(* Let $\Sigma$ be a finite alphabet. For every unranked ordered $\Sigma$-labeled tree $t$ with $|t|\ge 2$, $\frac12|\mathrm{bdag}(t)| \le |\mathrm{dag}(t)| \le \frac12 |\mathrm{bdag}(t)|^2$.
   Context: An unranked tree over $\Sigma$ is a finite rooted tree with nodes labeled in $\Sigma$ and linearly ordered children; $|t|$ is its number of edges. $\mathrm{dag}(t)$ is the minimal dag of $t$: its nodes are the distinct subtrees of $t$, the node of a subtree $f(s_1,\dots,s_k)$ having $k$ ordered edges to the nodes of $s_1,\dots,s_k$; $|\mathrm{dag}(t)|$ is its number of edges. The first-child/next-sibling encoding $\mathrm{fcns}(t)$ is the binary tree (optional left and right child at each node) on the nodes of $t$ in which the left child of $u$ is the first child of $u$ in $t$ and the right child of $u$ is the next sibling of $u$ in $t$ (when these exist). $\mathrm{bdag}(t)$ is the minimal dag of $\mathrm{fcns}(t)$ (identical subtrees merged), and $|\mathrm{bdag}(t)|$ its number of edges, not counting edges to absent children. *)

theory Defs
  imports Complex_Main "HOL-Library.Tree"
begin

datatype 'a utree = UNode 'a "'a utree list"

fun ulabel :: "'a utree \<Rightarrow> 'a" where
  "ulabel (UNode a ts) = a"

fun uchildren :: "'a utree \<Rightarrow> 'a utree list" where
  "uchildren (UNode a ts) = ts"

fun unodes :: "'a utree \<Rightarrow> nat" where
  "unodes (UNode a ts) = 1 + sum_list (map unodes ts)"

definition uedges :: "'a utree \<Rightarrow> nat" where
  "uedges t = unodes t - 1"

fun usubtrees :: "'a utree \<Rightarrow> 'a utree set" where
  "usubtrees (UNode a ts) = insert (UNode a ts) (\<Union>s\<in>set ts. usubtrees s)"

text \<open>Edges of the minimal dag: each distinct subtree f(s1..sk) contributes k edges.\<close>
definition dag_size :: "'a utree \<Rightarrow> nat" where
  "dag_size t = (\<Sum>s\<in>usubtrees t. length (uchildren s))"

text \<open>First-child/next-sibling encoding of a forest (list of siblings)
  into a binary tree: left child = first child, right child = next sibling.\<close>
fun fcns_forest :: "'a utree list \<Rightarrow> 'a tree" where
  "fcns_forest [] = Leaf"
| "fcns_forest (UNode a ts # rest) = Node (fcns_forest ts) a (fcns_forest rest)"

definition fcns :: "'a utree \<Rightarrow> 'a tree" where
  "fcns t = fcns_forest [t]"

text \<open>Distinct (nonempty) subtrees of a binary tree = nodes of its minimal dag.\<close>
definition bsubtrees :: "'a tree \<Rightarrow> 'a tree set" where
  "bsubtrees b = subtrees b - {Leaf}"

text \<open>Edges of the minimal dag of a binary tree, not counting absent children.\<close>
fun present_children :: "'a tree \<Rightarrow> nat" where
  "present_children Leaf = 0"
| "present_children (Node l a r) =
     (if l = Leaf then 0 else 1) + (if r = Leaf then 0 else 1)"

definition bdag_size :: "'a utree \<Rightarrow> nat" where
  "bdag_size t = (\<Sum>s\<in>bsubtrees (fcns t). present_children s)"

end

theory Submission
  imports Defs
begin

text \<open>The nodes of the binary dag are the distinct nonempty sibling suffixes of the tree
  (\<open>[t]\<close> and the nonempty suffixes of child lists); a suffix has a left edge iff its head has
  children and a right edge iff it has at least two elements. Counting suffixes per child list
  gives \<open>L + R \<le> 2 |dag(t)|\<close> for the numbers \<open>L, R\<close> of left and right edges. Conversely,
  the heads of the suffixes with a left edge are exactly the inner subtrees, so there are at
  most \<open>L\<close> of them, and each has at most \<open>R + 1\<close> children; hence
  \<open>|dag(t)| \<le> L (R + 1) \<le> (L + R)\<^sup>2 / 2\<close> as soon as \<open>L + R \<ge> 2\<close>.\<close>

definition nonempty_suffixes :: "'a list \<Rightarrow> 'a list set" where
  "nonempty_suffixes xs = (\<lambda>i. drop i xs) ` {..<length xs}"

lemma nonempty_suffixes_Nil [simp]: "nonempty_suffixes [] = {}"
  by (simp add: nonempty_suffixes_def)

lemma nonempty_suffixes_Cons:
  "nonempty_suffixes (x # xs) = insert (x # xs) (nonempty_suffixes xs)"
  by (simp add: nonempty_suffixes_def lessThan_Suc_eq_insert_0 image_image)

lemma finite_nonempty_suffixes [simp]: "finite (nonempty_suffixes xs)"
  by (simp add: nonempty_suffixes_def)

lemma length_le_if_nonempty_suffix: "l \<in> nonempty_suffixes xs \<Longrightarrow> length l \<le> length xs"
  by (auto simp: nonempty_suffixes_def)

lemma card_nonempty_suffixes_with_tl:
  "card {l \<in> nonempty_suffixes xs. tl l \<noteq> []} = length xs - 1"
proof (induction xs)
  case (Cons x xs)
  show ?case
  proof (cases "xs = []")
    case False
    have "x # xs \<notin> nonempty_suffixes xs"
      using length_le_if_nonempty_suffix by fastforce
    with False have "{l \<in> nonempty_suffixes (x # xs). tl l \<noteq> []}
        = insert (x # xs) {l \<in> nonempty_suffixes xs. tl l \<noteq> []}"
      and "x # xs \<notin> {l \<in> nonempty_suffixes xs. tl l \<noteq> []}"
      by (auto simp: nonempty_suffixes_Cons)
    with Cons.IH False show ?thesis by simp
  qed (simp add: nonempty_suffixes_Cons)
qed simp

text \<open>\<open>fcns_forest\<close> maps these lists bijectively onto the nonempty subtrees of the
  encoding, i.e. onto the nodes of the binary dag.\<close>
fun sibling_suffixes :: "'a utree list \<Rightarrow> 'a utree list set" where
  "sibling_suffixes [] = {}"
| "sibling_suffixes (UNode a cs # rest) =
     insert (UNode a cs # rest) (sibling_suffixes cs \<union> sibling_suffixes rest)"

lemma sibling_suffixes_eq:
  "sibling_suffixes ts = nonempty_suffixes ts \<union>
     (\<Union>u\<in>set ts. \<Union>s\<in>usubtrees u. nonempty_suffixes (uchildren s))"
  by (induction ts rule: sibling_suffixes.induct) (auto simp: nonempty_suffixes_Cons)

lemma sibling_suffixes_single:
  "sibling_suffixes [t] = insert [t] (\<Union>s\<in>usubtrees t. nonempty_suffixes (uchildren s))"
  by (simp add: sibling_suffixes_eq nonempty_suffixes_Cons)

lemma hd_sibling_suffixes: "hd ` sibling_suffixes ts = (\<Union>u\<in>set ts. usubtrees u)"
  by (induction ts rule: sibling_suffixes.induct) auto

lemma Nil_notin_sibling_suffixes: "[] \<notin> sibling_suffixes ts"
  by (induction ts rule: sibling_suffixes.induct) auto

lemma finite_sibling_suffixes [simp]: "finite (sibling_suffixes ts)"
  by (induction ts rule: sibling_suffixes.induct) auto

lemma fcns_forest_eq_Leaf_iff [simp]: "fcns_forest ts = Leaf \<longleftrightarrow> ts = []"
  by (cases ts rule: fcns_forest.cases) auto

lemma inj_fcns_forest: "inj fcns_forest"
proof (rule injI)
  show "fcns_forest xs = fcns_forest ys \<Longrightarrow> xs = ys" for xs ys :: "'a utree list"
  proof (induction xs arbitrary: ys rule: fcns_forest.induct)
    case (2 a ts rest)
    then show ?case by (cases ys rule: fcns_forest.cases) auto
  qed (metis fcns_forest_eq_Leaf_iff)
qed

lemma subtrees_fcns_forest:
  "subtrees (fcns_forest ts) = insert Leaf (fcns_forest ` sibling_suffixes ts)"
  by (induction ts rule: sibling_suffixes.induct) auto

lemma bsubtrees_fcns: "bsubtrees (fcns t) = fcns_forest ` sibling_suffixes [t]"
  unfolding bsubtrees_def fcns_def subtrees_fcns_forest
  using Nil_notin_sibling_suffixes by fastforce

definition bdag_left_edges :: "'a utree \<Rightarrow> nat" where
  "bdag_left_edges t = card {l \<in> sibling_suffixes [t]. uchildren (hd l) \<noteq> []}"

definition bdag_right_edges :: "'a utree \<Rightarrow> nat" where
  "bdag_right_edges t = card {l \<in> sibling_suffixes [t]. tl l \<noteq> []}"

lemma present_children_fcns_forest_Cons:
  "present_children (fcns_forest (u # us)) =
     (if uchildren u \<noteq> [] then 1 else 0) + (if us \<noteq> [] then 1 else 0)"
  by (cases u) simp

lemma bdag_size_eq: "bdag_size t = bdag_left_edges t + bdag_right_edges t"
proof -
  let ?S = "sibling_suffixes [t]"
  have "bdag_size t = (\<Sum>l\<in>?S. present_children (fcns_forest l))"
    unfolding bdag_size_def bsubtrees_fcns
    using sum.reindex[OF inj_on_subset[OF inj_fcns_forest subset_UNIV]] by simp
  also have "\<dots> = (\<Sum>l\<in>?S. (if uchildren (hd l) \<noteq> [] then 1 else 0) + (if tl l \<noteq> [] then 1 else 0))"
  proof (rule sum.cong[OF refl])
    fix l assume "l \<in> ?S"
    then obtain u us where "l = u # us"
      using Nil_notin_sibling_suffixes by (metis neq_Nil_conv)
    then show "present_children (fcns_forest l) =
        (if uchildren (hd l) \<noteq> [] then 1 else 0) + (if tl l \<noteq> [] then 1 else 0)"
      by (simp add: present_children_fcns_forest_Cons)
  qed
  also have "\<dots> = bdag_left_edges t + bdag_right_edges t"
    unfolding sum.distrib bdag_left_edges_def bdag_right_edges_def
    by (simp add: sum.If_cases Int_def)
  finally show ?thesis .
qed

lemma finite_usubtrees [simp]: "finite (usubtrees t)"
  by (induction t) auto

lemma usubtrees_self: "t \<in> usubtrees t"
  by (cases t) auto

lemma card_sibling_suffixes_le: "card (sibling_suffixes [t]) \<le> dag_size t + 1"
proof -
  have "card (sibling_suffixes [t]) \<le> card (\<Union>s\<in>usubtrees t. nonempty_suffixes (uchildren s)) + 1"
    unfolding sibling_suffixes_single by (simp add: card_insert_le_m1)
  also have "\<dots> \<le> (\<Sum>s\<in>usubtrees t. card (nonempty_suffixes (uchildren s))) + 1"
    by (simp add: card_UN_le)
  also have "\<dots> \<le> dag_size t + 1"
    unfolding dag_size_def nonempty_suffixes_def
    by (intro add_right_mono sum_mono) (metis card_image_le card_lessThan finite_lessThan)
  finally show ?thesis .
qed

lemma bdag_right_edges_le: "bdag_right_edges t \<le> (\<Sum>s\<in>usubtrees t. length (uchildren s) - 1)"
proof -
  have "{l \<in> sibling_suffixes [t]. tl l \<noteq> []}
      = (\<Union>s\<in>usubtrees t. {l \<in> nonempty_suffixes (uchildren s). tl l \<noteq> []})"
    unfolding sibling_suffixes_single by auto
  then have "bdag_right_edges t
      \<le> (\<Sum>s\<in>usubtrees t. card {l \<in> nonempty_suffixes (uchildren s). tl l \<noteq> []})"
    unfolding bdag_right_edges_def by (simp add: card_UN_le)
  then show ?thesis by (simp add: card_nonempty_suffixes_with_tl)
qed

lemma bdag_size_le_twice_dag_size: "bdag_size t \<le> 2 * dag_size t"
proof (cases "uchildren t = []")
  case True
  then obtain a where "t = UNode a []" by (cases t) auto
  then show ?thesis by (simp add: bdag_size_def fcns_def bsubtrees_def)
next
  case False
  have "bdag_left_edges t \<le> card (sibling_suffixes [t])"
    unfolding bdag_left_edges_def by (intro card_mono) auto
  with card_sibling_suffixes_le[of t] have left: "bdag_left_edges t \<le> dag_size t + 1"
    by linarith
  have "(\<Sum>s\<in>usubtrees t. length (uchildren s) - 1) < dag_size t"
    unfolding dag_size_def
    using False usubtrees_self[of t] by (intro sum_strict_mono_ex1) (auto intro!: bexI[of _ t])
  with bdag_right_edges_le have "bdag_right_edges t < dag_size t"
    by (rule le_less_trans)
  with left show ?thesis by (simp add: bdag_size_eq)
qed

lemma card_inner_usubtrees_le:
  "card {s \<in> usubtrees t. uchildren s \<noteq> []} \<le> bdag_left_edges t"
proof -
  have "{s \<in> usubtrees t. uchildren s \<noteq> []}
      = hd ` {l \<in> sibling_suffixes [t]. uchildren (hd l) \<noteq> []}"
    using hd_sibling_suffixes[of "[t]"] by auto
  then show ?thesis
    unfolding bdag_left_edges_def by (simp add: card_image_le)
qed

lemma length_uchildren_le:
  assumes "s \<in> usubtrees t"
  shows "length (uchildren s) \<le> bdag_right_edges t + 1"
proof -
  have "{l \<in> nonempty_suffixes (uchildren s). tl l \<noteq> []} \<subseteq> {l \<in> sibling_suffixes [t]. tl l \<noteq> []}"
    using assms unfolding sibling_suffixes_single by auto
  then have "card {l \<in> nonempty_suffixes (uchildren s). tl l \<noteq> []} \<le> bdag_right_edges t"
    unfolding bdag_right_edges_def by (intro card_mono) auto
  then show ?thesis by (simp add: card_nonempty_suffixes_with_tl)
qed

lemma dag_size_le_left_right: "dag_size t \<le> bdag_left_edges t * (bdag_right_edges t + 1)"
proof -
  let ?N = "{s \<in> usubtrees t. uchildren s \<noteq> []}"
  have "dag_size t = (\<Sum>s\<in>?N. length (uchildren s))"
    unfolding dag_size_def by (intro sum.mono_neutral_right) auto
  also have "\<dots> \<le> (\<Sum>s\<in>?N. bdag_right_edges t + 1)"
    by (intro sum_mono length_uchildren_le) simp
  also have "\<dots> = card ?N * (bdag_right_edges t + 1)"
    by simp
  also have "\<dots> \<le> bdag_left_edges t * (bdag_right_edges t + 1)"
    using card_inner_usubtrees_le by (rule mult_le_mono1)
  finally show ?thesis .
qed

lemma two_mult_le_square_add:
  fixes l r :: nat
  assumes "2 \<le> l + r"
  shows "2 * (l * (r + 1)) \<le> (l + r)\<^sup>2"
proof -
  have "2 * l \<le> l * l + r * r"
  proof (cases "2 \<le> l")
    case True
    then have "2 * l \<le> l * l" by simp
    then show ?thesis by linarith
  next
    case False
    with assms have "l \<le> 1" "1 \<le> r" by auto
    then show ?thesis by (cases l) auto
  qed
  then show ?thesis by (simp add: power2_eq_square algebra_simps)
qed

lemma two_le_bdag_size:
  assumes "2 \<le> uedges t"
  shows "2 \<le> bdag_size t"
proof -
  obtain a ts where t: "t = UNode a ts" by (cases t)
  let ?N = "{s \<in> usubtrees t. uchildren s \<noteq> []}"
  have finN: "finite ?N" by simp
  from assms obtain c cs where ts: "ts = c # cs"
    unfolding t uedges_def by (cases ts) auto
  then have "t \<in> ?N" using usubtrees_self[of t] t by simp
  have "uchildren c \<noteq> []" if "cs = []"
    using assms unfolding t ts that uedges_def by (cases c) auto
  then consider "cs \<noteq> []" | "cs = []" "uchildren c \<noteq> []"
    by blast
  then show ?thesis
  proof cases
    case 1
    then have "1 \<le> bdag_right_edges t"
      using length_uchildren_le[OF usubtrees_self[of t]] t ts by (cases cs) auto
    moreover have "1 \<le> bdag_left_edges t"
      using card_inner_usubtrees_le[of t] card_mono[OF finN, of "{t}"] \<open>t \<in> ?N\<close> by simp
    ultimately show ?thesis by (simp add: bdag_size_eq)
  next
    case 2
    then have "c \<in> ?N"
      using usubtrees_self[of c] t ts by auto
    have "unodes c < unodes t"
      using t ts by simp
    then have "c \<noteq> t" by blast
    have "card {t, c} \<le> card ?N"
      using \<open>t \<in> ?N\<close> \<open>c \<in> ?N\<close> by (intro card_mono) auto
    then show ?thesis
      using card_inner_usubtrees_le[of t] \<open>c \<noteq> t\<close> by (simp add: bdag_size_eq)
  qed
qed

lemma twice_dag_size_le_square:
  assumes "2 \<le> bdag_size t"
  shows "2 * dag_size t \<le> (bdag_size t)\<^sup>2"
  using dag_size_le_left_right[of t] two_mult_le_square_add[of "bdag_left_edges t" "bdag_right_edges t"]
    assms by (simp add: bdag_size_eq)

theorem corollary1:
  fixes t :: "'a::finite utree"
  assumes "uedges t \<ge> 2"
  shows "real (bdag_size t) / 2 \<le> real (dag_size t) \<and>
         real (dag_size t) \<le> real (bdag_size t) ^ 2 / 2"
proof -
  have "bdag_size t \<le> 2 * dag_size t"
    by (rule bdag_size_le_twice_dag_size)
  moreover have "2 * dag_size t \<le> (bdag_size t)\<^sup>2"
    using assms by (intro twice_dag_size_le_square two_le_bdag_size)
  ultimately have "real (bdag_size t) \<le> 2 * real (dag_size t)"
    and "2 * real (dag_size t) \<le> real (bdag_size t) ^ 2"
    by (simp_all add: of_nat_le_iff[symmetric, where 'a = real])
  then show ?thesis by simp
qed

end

● ● ● ●

- [WHAT YOU ARE ASKED TO DO] A single number is required: how many lines in these records contain "imports".

- [WORKED SOLUTION] 2